Below are entries. Reproduce exactly the lines between the line holding "finally show ?thesis unfolding" and the line holding "step.prems(1) by simp", inclusive, and only those.

» ENTRIES SUPPLIED:
• • •

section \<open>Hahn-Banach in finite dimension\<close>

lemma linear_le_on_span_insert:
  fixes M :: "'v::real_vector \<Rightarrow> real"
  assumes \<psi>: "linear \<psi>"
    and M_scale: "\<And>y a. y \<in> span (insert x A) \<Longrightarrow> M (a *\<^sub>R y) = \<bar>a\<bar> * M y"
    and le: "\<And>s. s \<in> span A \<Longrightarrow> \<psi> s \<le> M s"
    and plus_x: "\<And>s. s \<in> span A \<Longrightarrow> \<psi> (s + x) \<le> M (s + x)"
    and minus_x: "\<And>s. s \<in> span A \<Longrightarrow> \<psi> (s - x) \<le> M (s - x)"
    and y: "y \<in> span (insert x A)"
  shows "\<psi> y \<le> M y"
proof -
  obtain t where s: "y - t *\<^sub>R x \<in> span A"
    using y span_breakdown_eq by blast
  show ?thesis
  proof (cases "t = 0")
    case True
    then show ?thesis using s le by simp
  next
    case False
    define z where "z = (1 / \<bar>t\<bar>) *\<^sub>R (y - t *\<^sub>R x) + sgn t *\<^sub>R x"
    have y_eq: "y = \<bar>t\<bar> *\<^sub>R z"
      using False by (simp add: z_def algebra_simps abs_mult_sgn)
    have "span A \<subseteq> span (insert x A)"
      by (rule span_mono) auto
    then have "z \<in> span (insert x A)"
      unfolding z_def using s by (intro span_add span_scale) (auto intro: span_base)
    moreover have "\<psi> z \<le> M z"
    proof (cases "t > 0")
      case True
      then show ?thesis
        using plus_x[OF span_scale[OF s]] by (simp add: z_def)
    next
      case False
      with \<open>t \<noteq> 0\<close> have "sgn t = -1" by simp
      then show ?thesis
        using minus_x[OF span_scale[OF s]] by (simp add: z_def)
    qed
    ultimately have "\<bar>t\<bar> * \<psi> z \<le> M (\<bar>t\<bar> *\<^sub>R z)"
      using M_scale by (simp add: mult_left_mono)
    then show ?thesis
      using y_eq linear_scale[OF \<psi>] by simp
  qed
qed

• • •

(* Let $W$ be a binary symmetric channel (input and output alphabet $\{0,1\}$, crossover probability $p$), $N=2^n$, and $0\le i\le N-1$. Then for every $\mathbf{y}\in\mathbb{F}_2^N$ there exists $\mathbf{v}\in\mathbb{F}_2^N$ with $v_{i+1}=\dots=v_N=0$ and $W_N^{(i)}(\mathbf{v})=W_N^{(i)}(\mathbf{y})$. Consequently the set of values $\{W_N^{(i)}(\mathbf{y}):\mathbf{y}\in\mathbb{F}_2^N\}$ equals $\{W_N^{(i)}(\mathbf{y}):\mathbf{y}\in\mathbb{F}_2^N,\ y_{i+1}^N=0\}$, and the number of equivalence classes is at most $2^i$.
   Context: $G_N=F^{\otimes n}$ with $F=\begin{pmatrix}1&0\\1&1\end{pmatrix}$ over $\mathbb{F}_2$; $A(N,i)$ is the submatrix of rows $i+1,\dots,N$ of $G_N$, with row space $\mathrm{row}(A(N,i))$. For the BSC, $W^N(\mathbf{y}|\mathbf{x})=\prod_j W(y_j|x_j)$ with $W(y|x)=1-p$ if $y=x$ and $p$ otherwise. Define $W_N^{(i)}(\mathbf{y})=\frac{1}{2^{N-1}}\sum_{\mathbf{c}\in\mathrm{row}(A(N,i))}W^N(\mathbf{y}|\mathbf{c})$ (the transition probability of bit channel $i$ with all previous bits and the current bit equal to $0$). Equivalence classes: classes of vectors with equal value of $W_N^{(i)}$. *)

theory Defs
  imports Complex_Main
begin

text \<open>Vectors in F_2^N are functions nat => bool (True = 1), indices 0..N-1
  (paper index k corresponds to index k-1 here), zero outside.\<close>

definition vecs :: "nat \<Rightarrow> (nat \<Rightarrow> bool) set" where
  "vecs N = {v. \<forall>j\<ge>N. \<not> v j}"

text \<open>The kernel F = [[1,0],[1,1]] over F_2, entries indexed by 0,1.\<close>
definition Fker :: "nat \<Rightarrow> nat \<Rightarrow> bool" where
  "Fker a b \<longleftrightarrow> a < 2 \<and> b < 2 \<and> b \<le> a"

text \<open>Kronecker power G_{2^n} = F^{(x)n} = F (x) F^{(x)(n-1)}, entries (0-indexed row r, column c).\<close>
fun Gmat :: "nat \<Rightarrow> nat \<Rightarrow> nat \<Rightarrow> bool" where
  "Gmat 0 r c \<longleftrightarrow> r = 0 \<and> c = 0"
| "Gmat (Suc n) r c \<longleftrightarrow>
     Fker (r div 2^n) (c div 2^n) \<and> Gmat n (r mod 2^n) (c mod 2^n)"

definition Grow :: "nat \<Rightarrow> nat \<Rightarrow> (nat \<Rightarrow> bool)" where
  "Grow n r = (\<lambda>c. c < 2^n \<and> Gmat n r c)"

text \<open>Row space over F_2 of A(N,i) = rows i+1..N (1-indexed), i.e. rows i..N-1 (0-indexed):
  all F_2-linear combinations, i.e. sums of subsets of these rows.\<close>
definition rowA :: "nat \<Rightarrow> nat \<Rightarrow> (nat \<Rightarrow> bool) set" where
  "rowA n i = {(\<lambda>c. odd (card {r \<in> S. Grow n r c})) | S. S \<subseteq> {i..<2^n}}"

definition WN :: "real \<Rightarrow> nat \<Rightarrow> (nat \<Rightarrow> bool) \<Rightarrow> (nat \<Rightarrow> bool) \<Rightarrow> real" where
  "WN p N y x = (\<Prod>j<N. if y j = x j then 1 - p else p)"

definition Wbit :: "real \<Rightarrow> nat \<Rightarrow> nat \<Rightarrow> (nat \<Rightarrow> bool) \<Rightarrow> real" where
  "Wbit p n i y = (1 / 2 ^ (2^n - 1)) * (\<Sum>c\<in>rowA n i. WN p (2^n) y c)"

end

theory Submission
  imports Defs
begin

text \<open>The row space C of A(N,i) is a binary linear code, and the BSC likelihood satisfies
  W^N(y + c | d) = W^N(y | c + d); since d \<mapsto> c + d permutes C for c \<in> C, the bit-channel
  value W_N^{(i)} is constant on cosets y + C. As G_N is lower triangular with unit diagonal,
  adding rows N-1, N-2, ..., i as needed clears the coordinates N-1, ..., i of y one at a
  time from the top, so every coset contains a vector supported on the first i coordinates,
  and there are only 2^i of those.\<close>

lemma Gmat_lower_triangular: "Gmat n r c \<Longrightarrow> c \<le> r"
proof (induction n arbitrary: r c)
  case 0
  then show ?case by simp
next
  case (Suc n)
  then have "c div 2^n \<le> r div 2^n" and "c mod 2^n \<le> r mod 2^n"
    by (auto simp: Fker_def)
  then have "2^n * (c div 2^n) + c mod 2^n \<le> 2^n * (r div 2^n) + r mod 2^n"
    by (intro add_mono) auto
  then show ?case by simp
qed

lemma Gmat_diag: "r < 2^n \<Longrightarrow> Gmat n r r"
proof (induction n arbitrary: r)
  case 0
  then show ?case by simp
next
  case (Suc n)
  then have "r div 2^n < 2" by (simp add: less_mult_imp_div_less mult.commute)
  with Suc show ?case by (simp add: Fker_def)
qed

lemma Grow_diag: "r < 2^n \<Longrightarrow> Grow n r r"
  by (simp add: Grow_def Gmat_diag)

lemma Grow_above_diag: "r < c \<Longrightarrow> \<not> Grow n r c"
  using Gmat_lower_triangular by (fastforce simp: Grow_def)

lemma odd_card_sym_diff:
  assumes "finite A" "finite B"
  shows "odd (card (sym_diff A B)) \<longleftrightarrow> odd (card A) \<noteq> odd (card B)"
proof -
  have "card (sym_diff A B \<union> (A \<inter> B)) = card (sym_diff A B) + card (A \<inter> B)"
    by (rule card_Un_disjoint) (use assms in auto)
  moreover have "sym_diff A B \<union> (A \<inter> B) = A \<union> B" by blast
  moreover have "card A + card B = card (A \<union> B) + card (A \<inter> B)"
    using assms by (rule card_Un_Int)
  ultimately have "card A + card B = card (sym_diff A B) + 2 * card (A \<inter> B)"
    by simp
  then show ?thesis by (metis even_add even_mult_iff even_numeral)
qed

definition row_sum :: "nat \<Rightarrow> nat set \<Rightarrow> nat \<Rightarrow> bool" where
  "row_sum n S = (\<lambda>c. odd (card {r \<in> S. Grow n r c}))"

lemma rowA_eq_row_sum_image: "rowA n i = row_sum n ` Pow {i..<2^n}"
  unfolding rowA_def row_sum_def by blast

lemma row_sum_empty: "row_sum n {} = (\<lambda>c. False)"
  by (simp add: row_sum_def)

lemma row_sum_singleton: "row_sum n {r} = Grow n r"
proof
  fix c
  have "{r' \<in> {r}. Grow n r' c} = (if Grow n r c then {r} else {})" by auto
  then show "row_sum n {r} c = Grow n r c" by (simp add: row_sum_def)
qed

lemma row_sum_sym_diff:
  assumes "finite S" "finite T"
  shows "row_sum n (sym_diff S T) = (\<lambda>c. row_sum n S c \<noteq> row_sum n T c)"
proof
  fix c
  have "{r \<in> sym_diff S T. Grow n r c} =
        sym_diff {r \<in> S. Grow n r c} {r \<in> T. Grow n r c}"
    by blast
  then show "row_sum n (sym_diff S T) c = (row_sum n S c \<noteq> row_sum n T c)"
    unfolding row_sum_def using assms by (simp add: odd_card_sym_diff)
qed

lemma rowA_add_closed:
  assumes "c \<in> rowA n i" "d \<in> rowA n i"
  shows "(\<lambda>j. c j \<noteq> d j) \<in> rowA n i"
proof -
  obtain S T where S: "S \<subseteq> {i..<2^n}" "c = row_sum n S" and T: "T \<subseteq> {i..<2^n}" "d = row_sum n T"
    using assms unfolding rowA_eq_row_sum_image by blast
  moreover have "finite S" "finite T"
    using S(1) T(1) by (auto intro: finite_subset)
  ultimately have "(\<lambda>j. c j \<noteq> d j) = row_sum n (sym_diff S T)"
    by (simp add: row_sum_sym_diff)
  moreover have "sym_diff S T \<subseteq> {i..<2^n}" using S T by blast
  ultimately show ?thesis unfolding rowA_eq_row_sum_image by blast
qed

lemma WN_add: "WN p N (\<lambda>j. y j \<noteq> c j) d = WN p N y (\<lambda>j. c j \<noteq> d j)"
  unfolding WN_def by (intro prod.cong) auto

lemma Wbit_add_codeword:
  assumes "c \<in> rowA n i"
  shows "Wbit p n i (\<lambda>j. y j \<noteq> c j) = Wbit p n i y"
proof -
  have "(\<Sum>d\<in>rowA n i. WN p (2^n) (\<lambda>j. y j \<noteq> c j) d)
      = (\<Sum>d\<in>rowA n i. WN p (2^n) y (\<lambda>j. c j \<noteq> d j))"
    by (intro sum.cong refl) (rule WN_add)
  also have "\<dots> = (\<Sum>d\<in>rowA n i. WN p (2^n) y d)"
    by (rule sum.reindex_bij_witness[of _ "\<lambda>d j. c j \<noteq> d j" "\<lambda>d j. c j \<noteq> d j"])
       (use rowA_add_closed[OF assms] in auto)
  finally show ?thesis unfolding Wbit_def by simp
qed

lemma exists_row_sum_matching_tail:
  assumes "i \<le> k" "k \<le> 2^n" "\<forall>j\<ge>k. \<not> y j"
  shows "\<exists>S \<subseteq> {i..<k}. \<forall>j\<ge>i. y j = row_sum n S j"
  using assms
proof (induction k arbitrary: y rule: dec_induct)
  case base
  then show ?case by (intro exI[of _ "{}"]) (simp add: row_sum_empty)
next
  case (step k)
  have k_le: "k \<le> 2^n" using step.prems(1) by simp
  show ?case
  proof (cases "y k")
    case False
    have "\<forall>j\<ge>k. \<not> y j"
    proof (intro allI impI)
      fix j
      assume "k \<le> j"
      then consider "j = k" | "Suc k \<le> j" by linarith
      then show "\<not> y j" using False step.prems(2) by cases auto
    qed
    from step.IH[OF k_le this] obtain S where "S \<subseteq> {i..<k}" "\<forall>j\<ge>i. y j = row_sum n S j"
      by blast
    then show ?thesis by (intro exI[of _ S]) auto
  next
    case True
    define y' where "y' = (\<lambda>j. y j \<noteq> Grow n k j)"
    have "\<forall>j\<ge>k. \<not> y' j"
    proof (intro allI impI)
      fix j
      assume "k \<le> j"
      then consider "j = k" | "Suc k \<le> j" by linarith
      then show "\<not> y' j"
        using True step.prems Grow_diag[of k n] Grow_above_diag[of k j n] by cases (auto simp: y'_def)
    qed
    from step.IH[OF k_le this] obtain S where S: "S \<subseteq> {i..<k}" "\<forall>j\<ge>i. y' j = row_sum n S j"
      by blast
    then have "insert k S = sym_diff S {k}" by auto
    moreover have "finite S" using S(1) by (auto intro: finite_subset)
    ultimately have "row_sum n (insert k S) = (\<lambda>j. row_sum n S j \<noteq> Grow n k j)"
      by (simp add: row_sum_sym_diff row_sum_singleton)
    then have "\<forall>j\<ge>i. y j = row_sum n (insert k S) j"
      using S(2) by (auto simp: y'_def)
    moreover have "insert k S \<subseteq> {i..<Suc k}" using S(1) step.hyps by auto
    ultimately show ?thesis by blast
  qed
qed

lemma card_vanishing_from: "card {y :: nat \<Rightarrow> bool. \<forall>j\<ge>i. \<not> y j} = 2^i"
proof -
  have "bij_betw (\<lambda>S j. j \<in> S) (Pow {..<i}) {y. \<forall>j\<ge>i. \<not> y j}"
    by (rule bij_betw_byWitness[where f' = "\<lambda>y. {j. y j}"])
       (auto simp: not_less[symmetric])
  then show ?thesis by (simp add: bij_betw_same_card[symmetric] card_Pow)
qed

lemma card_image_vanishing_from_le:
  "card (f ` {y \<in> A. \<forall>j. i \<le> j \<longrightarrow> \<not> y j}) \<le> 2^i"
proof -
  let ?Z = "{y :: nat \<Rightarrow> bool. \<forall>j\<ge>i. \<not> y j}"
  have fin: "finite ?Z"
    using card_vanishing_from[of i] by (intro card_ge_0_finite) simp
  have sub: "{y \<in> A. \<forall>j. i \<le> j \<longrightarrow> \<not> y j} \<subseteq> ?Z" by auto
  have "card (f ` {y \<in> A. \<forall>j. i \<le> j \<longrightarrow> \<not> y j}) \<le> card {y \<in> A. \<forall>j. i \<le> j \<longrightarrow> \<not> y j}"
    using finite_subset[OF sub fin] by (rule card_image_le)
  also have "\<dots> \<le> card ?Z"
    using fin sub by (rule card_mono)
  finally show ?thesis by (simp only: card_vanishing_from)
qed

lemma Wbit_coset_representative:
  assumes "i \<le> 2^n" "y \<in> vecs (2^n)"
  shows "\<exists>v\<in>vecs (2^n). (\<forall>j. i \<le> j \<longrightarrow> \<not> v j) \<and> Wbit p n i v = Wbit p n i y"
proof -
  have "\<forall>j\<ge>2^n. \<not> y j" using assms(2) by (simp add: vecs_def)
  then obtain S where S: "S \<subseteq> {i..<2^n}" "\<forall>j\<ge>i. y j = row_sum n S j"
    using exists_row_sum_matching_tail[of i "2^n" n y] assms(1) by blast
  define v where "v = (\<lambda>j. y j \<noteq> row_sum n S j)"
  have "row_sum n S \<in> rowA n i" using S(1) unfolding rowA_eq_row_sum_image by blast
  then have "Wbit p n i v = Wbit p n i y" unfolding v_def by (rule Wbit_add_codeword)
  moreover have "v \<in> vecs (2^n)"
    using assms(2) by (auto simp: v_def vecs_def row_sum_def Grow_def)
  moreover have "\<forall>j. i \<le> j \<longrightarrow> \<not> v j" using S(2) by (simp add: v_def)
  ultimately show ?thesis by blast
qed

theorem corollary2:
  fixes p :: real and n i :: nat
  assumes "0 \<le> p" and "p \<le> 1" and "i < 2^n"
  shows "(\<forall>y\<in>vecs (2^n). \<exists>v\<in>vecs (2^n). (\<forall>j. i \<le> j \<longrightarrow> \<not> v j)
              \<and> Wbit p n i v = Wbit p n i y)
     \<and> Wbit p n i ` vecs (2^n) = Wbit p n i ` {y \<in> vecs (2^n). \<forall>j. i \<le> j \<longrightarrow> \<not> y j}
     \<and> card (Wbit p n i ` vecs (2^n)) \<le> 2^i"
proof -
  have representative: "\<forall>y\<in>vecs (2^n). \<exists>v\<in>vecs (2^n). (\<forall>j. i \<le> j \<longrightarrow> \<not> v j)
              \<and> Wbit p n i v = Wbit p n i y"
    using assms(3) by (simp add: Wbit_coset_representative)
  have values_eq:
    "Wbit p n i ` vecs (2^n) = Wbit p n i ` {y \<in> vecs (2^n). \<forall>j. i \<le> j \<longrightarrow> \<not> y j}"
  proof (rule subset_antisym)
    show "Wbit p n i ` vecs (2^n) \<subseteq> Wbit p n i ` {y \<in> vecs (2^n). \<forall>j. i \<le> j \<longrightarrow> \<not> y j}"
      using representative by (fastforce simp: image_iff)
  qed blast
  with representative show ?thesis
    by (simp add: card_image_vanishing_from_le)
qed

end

• • •

» EXERCISE SOLUTION:
  finally show ?thesis unfolding Wbit_def by simp
qed

lemma exists_row_sum_matching_tail:
  assumes "i \<le> k" "k \<le> 2^n" "\<forall>j\<ge>k. \<not> y j"
  shows "\<exists>S \<subseteq> {i..<k}. \<forall>j\<ge>i. y j = row_sum n S j"
  using assms
proof (induction k arbitrary: y rule: dec_induct)
  case base
  then show ?case by (intro exI[of _ "{}"]) (simp add: row_sum_empty)
next
  case (step k)
  have k_le: "k \<le> 2^n" using step.prems(1) by simp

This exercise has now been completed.